# ACSI Club ID Camping Carnet



## TR5 (Jun 6, 2007)

Does anyone know if the ACSI Club Camping Carnet is used instead of the Camping Card International, or whether it is preferential to hold both - obviously when continental touring.


----------



## Grizzly (May 9, 2005)

TR5 said:


> Does anyone know if the ACSI Club Camping Carnet is used instead of the Camping Card International, or whether it is preferential to hold both - obviously when continental touring.


We have both. For identification purpose- ie instead of leaving your passport- we've found that either card will do in Spain, France, Austria, Germany, Netherlands and Belgium anyway.

However, the CCI card will get you a discount - in both high and low seasons- in many campsites, which the ACSI Club Carnet will not, as far as I know. This can be from 10-20 % so worth having.

A printable country-by-country list of the sites that offer these discounts, and the dates they apply, is available on the CCI website.

The CCI card offers a third party insurance for you and all members of your party. I haven't checked whether the ACSI Card does the same and whether the terms are the same.

G


----------



## TR5 (Jun 6, 2007)

Hi Grizzly,
The ACSI Club ID is a camping carnet, and does give full liability insurance for your entire party, up to I think 15 people.

It also shows your passport details, much the same as the CCI, that's why I wondered if it is necessary to carry both.
I do have the ACSI Camping card, for the discounted low season ACSI sites as well.

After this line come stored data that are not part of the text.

(* Let $\xi:\mathbb{R}\to\mathbb{R}^3$ be a smooth, $L$-periodic, arclength-parametrized curve with curvature $k>0$ and torsion $\tau$. Let $\alpha:\mathbb{R}\to\mathbb{R}$ satisfy $\alpha'=\tau$, and let $J=\{t:\cos\alpha(t)\neq0\}$. Let $\eta(t)=\xi(t)+r(t)\mathbf{n}(t)-r(t)\tan\alpha(t)\,\mathbf{b}(t)$ for $t\in J$ be the corresponding Monge evolute. Then: (i) $J+L=J$ and $\eta(t+L)=\eta(t)$ for all $t\in J$ if and only if $\int_0^L\tau\,dt\in\pi\mathbb{Z}$. (ii) In particular, this holds if $\xi$ is centrally symmetric. Here this means that there exist $c\in\mathbb{R}^3$ and $t_1\in\mathbb{R}$ such that either $\xi(t+t_1)=2c-\xi(t)$ for all $t$, or $\xi(t_1-t)=2c-\xi(t)$ for all $t$; in these cases $\int_0^L\tau\,dt=0$.
   Context: $r=1/k$, and $(\mathbf{t},\mathbf{n},\mathbf{b})$ is the Frenet frame of $\xi$. A Monge evolute of $\xi$ is a curve $\eta=\xi+y\mathbf{n}+z\mathbf{b}$ with $\eta'$ parallel to $\eta-\xi$. These are exactly the curves $\xi+r\mathbf{n}-r\tan\alpha\,\mathbf{b}$ with $\alpha'=\tau$. *)

theory Defs
  imports "HOL-Analysis.Analysis"
begin

definition vderiv :: "(real \<Rightarrow> real^3) \<Rightarrow> real \<Rightarrow> real^3" where
  "vderiv f = (\<lambda>t. vector_derivative f (at t))"

definition smooth_curve :: "(real \<Rightarrow> real^3) \<Rightarrow> bool" where
  "smooth_curve \<xi> \<longleftrightarrow> (\<forall>m t. ((vderiv ^^ m) \<xi>) differentiable (at t))"

definition tangent :: "(real \<Rightarrow> real^3) \<Rightarrow> real \<Rightarrow> real^3" where
  "tangent \<xi> = vderiv \<xi>"

definition curvature :: "(real \<Rightarrow> real^3) \<Rightarrow> real \<Rightarrow> real" where
  "curvature \<xi> t = norm (vderiv (vderiv \<xi>) t)"

definition radius :: "(real \<Rightarrow> real^3) \<Rightarrow> real \<Rightarrow> real" where
  "radius \<xi> t = 1 / curvature \<xi> t"

definition normal :: "(real \<Rightarrow> real^3) \<Rightarrow> real \<Rightarrow> real^3" where
  "normal \<xi> t = (1 / curvature \<xi> t) *\<^sub>R vderiv (vderiv \<xi>) t"

definition binormal :: "(real \<Rightarrow> real^3) \<Rightarrow> real \<Rightarrow> real^3" where
  "binormal \<xi> t = cross3 (tangent \<xi> t) (normal \<xi> t)"

(* Frenet: n' = -k t + tau b, so tau = <n', b> *)
definition torsion :: "(real \<Rightarrow> real^3) \<Rightarrow> real \<Rightarrow> real" where
  "torsion \<xi> t = inner (vderiv (normal \<xi>) t) (binormal \<xi> t)"

definition monge_evolute :: "(real \<Rightarrow> real^3) \<Rightarrow> (real \<Rightarrow> real) \<Rightarrow> real \<Rightarrow> real^3" where
  "monge_evolute \<xi> \<alpha> t = \<xi> t + radius \<xi> t *\<^sub>R normal \<xi> t
      - (radius \<xi> t * tan (\<alpha> t)) *\<^sub>R binormal \<xi> t"

definition evolute_domain :: "(real \<Rightarrow> real) \<Rightarrow> real set" where
  "evolute_domain \<alpha> = {t. cos (\<alpha> t) \<noteq> 0}"

definition centrally_symmetric :: "(real \<Rightarrow> real^3) \<Rightarrow> bool" where
  "centrally_symmetric \<xi> \<longleftrightarrow> (\<exists>c t1.
      (\<forall>t. \<xi> (t + t1) = 2 *\<^sub>R c - \<xi> t) \<or> (\<forall>t. \<xi> (t1 - t) = 2 *\<^sub>R c - \<xi> t))"

end

theory Submission
  imports Defs
begin

text \<open>
  Under a reparametrization \<open>\<xi> u = a + \<sigma> \<xi> (e u + d)\<close> with \<open>\<sigma>, e \<in> {1, -1}\<close> (a translation
  in time, possibly reversed, composed with a point reflection) the Frenet apparatus transforms
  by signs, and the torsion satisfies \<open>\<tau> u = \<sigma> \<tau> (e u + d)\<close>. Hence an antiderivative \<open>\<alpha>\<close> of
  \<open>\<tau>\<close> obeys \<open>\<alpha> (e u + d) = \<sigma> e \<alpha> u + const\<close>. For the period shift this gives
  \<open>\<alpha> (t + L) = \<alpha> t + I\<close> with \<open>I = \<integral>\<^sub>0\<^sup>L \<tau>\<close>, while the frame is \<open>L\<close>-periodic; so the evolute is
  periodic iff \<open>tan \<alpha>\<close> and the zero set of \<open>cos \<alpha>\<close> are invariant under adding \<open>I\<close> to \<open>\<alpha>\<close>, i.e.
  iff \<open>I \<in> \<pi>\<int>\<close>. For a central symmetry \<open>\<sigma> = -1\<close>, and comparing the two relations for \<open>\<alpha>\<close>
  forces \<open>I = 0\<close>.
\<close>

lemma vderiv_affine_reparam:
  fixes f :: "real \<Rightarrow> real^3"
  assumes "f differentiable (at (e * x + d))" and "\<And>u. g u = a + \<sigma> *\<^sub>R f (e * u + d)"
  shows "vderiv g x = (\<sigma> * e) *\<^sub>R vderiv f (e * x + d)"
proof -
  have f: "(f has_vector_derivative vderiv f (e * x + d)) (at (e * x + d))"
    using assms(1) vector_derivative_works unfolding vderiv_def by blast
  have "((\<lambda>u. e * u + d) has_vector_derivative e) (at x)"
    unfolding has_real_derivative_iff_has_vector_derivative[symmetric]
    by (auto intro!: derivative_eq_intros)
  then have "((f \<circ> (\<lambda>u. e * u + d)) has_vector_derivative (e *\<^sub>R vderiv f (e * x + d))) (at x)"
    by (rule vector_diff_chain_at) (simp add: f)
  then have "(g has_vector_derivative ((\<sigma> * e) *\<^sub>R vderiv f (e * x + d))) (at x)"
    unfolding assms(2)[abs_def] by (auto intro!: derivative_eq_intros simp: o_def)
  then show ?thesis
    unfolding vderiv_def using vector_derivative_at by blast
qed

lemma smooth_curve_differentiable:
  assumes "smooth_curve \<xi>"
  shows "\<xi> differentiable (at t)" "vderiv \<xi> differentiable (at t)"
    and "vderiv (vderiv \<xi>) differentiable (at t)"
proof -
  have "(vderiv ^^ 0) \<xi> = \<xi>" "(vderiv ^^ 1) \<xi> = vderiv \<xi>"
    "(vderiv ^^ 2) \<xi> = vderiv (vderiv \<xi>)"
    by (simp_all add: numeral_2_eq_2)
  then show "\<xi> differentiable (at t)" "vderiv \<xi> differentiable (at t)"
    "vderiv (vderiv \<xi>) differentiable (at t)"
    using assms unfolding smooth_curve_def by metis+
qed

lemma normal_differentiable:
  assumes "vderiv (vderiv \<xi>) differentiable (at t)" and "curvature \<xi> t > 0"
  shows "normal \<xi> differentiable (at t)"
proof -
  have nz: "vderiv (vderiv \<xi>) t \<noteq> 0"
    using assms(2) unfolding curvature_def by auto
  have "(\<lambda>t. norm (vderiv (vderiv \<xi>) t)) differentiable (at t)"
    using differentiable_compose[of norm "vderiv (vderiv \<xi>)" t] assms(1) nz by (auto simp: o_def)
  then have "(\<lambda>t. 1 / norm (vderiv (vderiv \<xi>) t)) differentiable (at t)"
    using nz by (auto intro!: derivative_intros)
  then show ?thesis
    unfolding normal_def[abs_def] curvature_def using assms(1) by (auto intro!: derivative_intros)
qed

lemma frenet_apparatus_affine_reparam:
  assumes smooth: "smooth_curve \<xi>" and curv: "\<forall>t. curvature \<xi> t > 0"
    and reparam: "\<forall>u. \<xi> u = a + \<sigma> *\<^sub>R \<xi> (e * u + d)"
    and sign_\<sigma>: "\<sigma> = 1 \<or> \<sigma> = -1" and sign_e: "e = 1 \<or> e = -1"
  shows "torsion \<xi> x = \<sigma> * torsion \<xi> (e * x + d)"
    and "normal \<xi> x = \<sigma> *\<^sub>R normal \<xi> (e * x + d)"
    and "binormal \<xi> x = e *\<^sub>R binormal \<xi> (e * x + d)"
    and "radius \<xi> x = radius \<xi> (e * x + d)"
proof -
  note diff = smooth_curve_differentiable[OF smooth]
  have \<sigma>\<sigma>: "\<sigma> * \<sigma> = 1" and ee: "e * e = 1"
    using sign_\<sigma> sign_e by auto
  note T = vderiv_affine_reparam[OF diff(1) reparam[rule_format]]
  have T': "vderiv (vderiv \<xi>) y = \<sigma> *\<^sub>R vderiv (vderiv \<xi>) (e * y + d)" for y
    using vderiv_affine_reparam[OF diff(2), of "vderiv \<xi>" 0, simplified, OF T, of y] ee
    by (simp add: mult.assoc)
  have K: "curvature \<xi> y = curvature \<xi> (e * y + d)" for y
    unfolding curvature_def using T'[of y] sign_\<sigma> by auto
  have N: "normal \<xi> y = \<sigma> *\<^sub>R normal \<xi> (e * y + d)" for y
    unfolding normal_def using K[of y] T'[of y] by (simp add: algebra_simps)
  note N' = vderiv_affine_reparam[OF normal_differentiable[OF diff(3) curv[rule_format]],
      of "normal \<xi>" 0, simplified, OF N]
  have B: "binormal \<xi> y = e *\<^sub>R binormal \<xi> (e * y + d)" for y
  proof -
    have "binormal \<xi> y = ((\<sigma> * e) * \<sigma>) *\<^sub>R binormal \<xi> (e * y + d)"
      unfolding binormal_def tangent_def using T[of y] N[of y]
      by (simp add: cross_mult_left cross_mult_right)
    then show ?thesis
      using \<sigma>\<sigma> by (simp add: mult.commute mult.left_commute)
  qed
  have "torsion \<xi> x = ((\<sigma> * e) * e) * torsion \<xi> (e * x + d)"
    unfolding torsion_def using N'[of x] B[of x] by (simp add: algebra_simps)
  then show "torsion \<xi> x = \<sigma> * torsion \<xi> (e * x + d)"
    using ee by (simp add: mult.assoc)
  show "normal \<xi> x = \<sigma> *\<^sub>R normal \<xi> (e * x + d)" "binormal \<xi> x = e *\<^sub>R binormal \<xi> (e * x + d)"
    using N B by blast+
  show "radius \<xi> x = radius \<xi> (e * x + d)"
    unfolding radius_def using K[of x] by simp
qed

lemma norm_binormal:
  assumes "vderiv \<xi> differentiable (at t)" and "curvature \<xi> t > 0"
    and unit_speed: "\<forall>t. norm (vderiv \<xi> t) = 1"
  shows "norm (binormal \<xi> t) = 1"
proof -
  let ?T = "vderiv \<xi>" and ?T' = "vderiv (vderiv \<xi>) t"
  have "(?T has_vector_derivative ?T') (at t)"
    using assms(1) vector_derivative_works unfolding vderiv_def by blast
  then have "((\<lambda>u. ?T u \<bullet> ?T u) has_vector_derivative (?T t \<bullet> ?T' + ?T' \<bullet> ?T t)) (at t)"
    using bounded_bilinear.has_vector_derivative[OF bounded_bilinear_inner] by blast
  moreover have "(\<lambda>u. ?T u \<bullet> ?T u) = (\<lambda>u. 1)"
    using unit_speed by (simp add: fun_eq_iff power2_norm_eq_inner[symmetric])
  ultimately have "((\<lambda>_. 1::real) has_real_derivative (?T t \<bullet> ?T' + ?T' \<bullet> ?T t)) (at t)"
    by (simp add: has_real_derivative_iff_has_vector_derivative)
  then have "?T t \<bullet> ?T' + ?T' \<bullet> ?T t = 0"
    using DERIV_const DERIV_unique by blast
  then have "?T t \<bullet> normal \<xi> t = 0"
    unfolding normal_def by (simp add: inner_commute)
  moreover have "norm (normal \<xi> t) = 1"
    using assms(2) unfolding normal_def curvature_def by simp
  ultimately have "(norm (binormal \<xi> t))\<^sup>2 = 1"
    using norm_cross_dot[of "?T t" "normal \<xi> t"] unit_speed
    unfolding binormal_def tangent_def by simp
  then show ?thesis
    using norm_ge_zero[of "binormal \<xi> t"] by (simp add: power2_eq_1_iff)
qed

lemma antiderivative_affine_reparam:
  assumes deriv: "\<forall>t. (\<alpha> has_real_derivative f t) (at t)"
    and reparam: "\<forall>x. e * f (e * x + d) = c * f x"
  shows "\<alpha> (e * y + d) - c * \<alpha> y = \<alpha> (e * z + d) - c * \<alpha> z"
proof -
  have "((\<lambda>u. \<alpha> (e * u + d) - c * \<alpha> u) has_real_derivative 0) (at x)" for x
  proof -
    have "((\<lambda>u. e * u + d) has_real_derivative e) (at x)"
      by (auto intro!: derivative_eq_intros)
    then have "((\<lambda>u. \<alpha> (e * u + d)) has_real_derivative f (e * x + d) * e) (at x)"
      using DERIV_chain2 deriv by blast
    then have "((\<lambda>u. \<alpha> (e * u + d) - c * \<alpha> u) has_real_derivative
                 f (e * x + d) * e - c * f x) (at x)"
      using DERIV_cmult[OF deriv[rule_format, of x], of c] by (intro DERIV_diff)
    then show ?thesis
      using reparam by (simp add: mult.commute)
  qed
  then show ?thesis
    using DERIV_isconst_all by blast
qed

As the Club ID carnet is free to ACSI members, I suppose no harm in holding both. I just wondered if they are both the same item.


----------



## Grizzly (May 9, 2005)

TR5 said:


> Hi Grizzly,
> 
> I do have the ACSI Camping card, for the discounted low season ACSI sites as well.
> 
> .


I've never checked to see how much overlap there is between sites that give discounts with CCI and with ACSI. There are sites that give high season discounts with CCI however, which is not something that you get with ACSI. Given that the discount on a one-night pitch is likely to be the same as the cost of the CCI card in the first place....well !

G :wink:


----------



## malkay (Feb 6, 2008)

when I asked about ACSI card I was informed that it was for ACSI sites only. I therefore carry both. 

Malkay


----------



## munron (Feb 18, 2011)

It does no harm to have both - the cost is fairly minimal anyway.
From our experiences around Europe this year, we found that the CCI card was more favoured even at ACSI sites where we were getting discount.

N.


----------



## Wupert (Aug 6, 2007)

Grizzly said:


> TR5 said:
> 
> 
> > Does anyone know if the ACSI Club Camping Carnet is used instead of the Camping Card International, or whether it is preferential to hold both - obviously when continental touring.
> ...


I'll raise you Luxembourg Slovenia and Croatia


----------